**DIRECTIONS**
Please copy out the records that follow, word for word.

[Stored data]

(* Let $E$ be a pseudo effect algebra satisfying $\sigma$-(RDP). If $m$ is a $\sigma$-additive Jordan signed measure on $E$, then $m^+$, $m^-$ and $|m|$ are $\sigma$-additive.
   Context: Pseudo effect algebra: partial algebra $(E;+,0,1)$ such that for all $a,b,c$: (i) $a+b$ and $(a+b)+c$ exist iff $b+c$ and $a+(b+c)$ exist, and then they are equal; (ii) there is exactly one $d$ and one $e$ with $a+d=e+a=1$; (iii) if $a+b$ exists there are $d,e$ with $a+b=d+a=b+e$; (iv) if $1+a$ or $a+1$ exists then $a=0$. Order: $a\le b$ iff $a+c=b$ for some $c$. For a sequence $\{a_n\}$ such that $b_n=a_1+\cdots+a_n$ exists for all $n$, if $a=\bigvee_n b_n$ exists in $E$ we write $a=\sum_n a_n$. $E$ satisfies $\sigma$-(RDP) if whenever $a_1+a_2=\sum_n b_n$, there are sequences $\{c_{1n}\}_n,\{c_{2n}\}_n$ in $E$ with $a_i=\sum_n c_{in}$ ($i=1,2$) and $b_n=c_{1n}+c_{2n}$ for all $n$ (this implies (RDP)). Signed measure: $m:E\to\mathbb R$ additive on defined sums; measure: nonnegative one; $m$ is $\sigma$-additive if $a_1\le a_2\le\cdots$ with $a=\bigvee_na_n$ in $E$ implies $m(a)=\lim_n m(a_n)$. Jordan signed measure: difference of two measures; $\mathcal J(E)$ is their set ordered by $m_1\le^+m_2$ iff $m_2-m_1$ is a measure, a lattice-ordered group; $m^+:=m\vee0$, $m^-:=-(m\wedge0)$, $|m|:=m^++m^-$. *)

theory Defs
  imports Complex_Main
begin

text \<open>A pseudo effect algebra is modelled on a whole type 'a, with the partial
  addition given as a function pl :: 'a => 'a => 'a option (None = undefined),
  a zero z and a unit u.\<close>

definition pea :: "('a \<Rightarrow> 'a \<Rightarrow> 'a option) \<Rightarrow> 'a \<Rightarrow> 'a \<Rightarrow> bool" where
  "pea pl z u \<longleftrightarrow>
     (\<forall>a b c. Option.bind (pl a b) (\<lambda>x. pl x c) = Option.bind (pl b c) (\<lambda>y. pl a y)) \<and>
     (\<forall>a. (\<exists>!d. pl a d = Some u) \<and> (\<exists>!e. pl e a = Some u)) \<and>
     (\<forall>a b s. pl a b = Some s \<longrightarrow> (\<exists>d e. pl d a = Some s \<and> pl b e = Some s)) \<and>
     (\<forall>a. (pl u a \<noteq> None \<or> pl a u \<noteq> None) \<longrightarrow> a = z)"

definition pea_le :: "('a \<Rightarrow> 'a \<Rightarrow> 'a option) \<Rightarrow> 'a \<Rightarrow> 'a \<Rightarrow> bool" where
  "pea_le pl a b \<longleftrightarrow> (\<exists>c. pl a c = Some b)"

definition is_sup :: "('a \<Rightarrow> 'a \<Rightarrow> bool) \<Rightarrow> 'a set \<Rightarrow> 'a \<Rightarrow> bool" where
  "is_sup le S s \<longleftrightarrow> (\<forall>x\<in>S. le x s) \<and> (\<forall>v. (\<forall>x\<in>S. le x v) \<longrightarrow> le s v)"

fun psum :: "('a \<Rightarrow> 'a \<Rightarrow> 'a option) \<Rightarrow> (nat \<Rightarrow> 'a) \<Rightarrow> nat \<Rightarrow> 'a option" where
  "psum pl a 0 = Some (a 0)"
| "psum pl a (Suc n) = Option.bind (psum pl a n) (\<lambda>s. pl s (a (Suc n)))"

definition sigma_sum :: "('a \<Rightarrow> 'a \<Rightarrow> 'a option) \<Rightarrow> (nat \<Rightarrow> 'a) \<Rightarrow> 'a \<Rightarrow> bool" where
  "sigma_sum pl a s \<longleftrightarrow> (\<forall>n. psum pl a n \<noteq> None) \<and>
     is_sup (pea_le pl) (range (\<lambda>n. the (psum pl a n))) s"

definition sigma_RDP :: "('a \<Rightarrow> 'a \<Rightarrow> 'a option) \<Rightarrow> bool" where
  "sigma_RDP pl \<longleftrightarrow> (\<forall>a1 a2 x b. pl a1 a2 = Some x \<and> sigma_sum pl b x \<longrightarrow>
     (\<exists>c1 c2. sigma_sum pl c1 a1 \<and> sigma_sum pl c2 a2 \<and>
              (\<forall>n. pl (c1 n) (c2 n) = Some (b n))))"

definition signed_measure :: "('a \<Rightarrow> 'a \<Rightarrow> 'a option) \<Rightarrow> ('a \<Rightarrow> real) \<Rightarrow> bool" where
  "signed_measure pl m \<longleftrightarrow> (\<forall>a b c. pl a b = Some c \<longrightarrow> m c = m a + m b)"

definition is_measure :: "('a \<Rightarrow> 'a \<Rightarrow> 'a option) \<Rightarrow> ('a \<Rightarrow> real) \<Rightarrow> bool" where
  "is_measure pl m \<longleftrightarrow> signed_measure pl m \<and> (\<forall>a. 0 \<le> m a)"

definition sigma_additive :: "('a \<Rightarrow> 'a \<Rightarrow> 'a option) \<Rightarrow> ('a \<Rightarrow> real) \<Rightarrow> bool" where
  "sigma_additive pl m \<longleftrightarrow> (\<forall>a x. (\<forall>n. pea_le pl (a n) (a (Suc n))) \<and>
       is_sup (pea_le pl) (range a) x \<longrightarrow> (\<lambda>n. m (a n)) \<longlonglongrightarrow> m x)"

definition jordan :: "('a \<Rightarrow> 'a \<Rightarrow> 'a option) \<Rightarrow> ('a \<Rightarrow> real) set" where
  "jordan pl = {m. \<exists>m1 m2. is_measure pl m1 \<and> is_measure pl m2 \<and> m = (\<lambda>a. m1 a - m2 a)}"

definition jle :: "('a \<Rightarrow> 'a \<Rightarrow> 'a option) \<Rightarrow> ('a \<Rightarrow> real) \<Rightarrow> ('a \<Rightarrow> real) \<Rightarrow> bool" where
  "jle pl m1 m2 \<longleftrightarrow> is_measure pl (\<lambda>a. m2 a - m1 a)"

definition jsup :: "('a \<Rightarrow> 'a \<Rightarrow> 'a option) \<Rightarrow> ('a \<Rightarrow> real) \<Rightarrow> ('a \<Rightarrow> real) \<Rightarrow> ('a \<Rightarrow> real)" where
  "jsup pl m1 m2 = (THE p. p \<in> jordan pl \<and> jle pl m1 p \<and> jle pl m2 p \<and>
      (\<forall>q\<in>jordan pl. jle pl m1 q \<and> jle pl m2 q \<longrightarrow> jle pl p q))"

**RESPONSE TO THE TASK**
(* Let $E$ be a pseudo effect algebra satisfying $\sigma$-(RDP). If $m$ is a $\sigma$-additive Jordan signed measure on $E$, then $m^+$, $m^-$ and $|m|$ are $\sigma$-additive.
   Context: Pseudo effect algebra: partial algebra $(E;+,0,1)$ such that for all $a,b,c$: (i) $a+b$ and $(a+b)+c$ exist iff $b+c$ and $a+(b+c)$ exist, and then they are equal; (ii) there is exactly one $d$ and one $e$ with $a+d=e+a=1$; (iii) if $a+b$ exists there are $d,e$ with $a+b=d+a=b+e$; (iv) if $1+a$ or $a+1$ exists then $a=0$. Order: $a\le b$ iff $a+c=b$ for some $c$. For a sequence $\{a_n\}$ such that $b_n=a_1+\cdots+a_n$ exists for all $n$, if $a=\bigvee_n b_n$ exists in $E$ we write $a=\sum_n a_n$. $E$ satisfies $\sigma$-(RDP) if whenever $a_1+a_2=\sum_n b_n$, there are sequences $\{c_{1n}\}_n,\{c_{2n}\}_n$ in $E$ with $a_i=\sum_n c_{in}$ ($i=1,2$) and $b_n=c_{1n}+c_{2n}$ for all $n$ (this implies (RDP)). Signed measure: $m:E\to\mathbb R$ additive on defined sums; measure: nonnegative one; $m$ is $\sigma$-additive if $a_1\le a_2\le\cdots$ with $a=\bigvee_na_n$ in $E$ implies $m(a)=\lim_n m(a_n)$. Jordan signed measure: difference of two measures; $\mathcal J(E)$ is their set ordered by $m_1\le^+m_2$ iff $m_2-m_1$ is a measure, a lattice-ordered group; $m^+:=m\vee0$, $m^-:=-(m\wedge0)$, $|m|:=m^++m^-$. *)

theory Defs
  imports Complex_Main
begin

text \<open>A pseudo effect algebra is modelled on a whole type 'a, with the partial
  addition given as a function pl :: 'a => 'a => 'a option (None = undefined),
  a zero z and a unit u.\<close>

definition pea :: "('a \<Rightarrow> 'a \<Rightarrow> 'a option) \<Rightarrow> 'a \<Rightarrow> 'a \<Rightarrow> bool" where
  "pea pl z u \<longleftrightarrow>
     (\<forall>a b c. Option.bind (pl a b) (\<lambda>x. pl x c) = Option.bind (pl b c) (\<lambda>y. pl a y)) \<and>
     (\<forall>a. (\<exists>!d. pl a d = Some u) \<and> (\<exists>!e. pl e a = Some u)) \<and>
     (\<forall>a b s. pl a b = Some s \<longrightarrow> (\<exists>d e. pl d a = Some s \<and> pl b e = Some s)) \<and>
     (\<forall>a. (pl u a \<noteq> None \<or> pl a u \<noteq> None) \<longrightarrow> a = z)"

definition pea_le :: "('a \<Rightarrow> 'a \<Rightarrow> 'a option) \<Rightarrow> 'a \<Rightarrow> 'a \<Rightarrow> bool" where
  "pea_le pl a b \<longleftrightarrow> (\<exists>c. pl a c = Some b)"

definition is_sup :: "('a \<Rightarrow> 'a \<Rightarrow> bool) \<Rightarrow> 'a set \<Rightarrow> 'a \<Rightarrow> bool" where
  "is_sup le S s \<longleftrightarrow> (\<forall>x\<in>S. le x s) \<and> (\<forall>v. (\<forall>x\<in>S. le x v) \<longrightarrow> le s v)"

fun psum :: "('a \<Rightarrow> 'a \<Rightarrow> 'a option) \<Rightarrow> (nat \<Rightarrow> 'a) \<Rightarrow> nat \<Rightarrow> 'a option" where
  "psum pl a 0 = Some (a 0)"
| "psum pl a (Suc n) = Option.bind (psum pl a n) (\<lambda>s. pl s (a (Suc n)))"

definition sigma_sum :: "('a \<Rightarrow> 'a \<Rightarrow> 'a option) \<Rightarrow> (nat \<Rightarrow> 'a) \<Rightarrow> 'a \<Rightarrow> bool" where
  "sigma_sum pl a s \<longleftrightarrow> (\<forall>n. psum pl a n \<noteq> None) \<and>
     is_sup (pea_le pl) (range (\<lambda>n. the (psum pl a n))) s"

definition sigma_RDP :: "('a \<Rightarrow> 'a \<Rightarrow> 'a option) \<Rightarrow> bool" where
  "sigma_RDP pl \<longleftrightarrow> (\<forall>a1 a2 x b. pl a1 a2 = Some x \<and> sigma_sum pl b x \<longrightarrow>
     (\<exists>c1 c2. sigma_sum pl c1 a1 \<and> sigma_sum pl c2 a2 \<and>
              (\<forall>n. pl (c1 n) (c2 n) = Some (b n))))"

definition signed_measure :: "('a \<Rightarrow> 'a \<Rightarrow> 'a option) \<Rightarrow> ('a \<Rightarrow> real) \<Rightarrow> bool" where
  "signed_measure pl m \<longleftrightarrow> (\<forall>a b c. pl a b = Some c \<longrightarrow> m c = m a + m b)"

definition is_measure :: "('a \<Rightarrow> 'a \<Rightarrow> 'a option) \<Rightarrow> ('a \<Rightarrow> real) \<Rightarrow> bool" where
  "is_measure pl m \<longleftrightarrow> signed_measure pl m \<and> (\<forall>a. 0 \<le> m a)"

definition sigma_additive :: "('a \<Rightarrow> 'a \<Rightarrow> 'a option) \<Rightarrow> ('a \<Rightarrow> real) \<Rightarrow> bool" where
  "sigma_additive pl m \<longleftrightarrow> (\<forall>a x. (\<forall>n. pea_le pl (a n) (a (Suc n))) \<and>
       is_sup (pea_le pl) (range a) x \<longrightarrow> (\<lambda>n. m (a n)) \<longlonglongrightarrow> m x)"

definition jordan :: "('a \<Rightarrow> 'a \<Rightarrow> 'a option) \<Rightarrow> ('a \<Rightarrow> real) set" where
  "jordan pl = {m. \<exists>m1 m2. is_measure pl m1 \<and> is_measure pl m2 \<and> m = (\<lambda>a. m1 a - m2 a)}"

definition jle :: "('a \<Rightarrow> 'a \<Rightarrow> 'a option) \<Rightarrow> ('a \<Rightarrow> real) \<Rightarrow> ('a \<Rightarrow> real) \<Rightarrow> bool" where
  "jle pl m1 m2 \<longleftrightarrow> is_measure pl (\<lambda>a. m2 a - m1 a)"

definition jsup :: "('a \<Rightarrow> 'a \<Rightarrow> 'a option) \<Rightarrow> ('a \<Rightarrow> real) \<Rightarrow> ('a \<Rightarrow> real) \<Rightarrow> ('a \<Rightarrow> real)" where
  "jsup pl m1 m2 = (THE p. p \<in> jordan pl \<and> jle pl m1 p \<and> jle pl m2 p \<and>
      (\<forall>q\<in>jordan pl. jle pl m1 q \<and> jle pl m2 q \<longrightarrow> jle pl p q))"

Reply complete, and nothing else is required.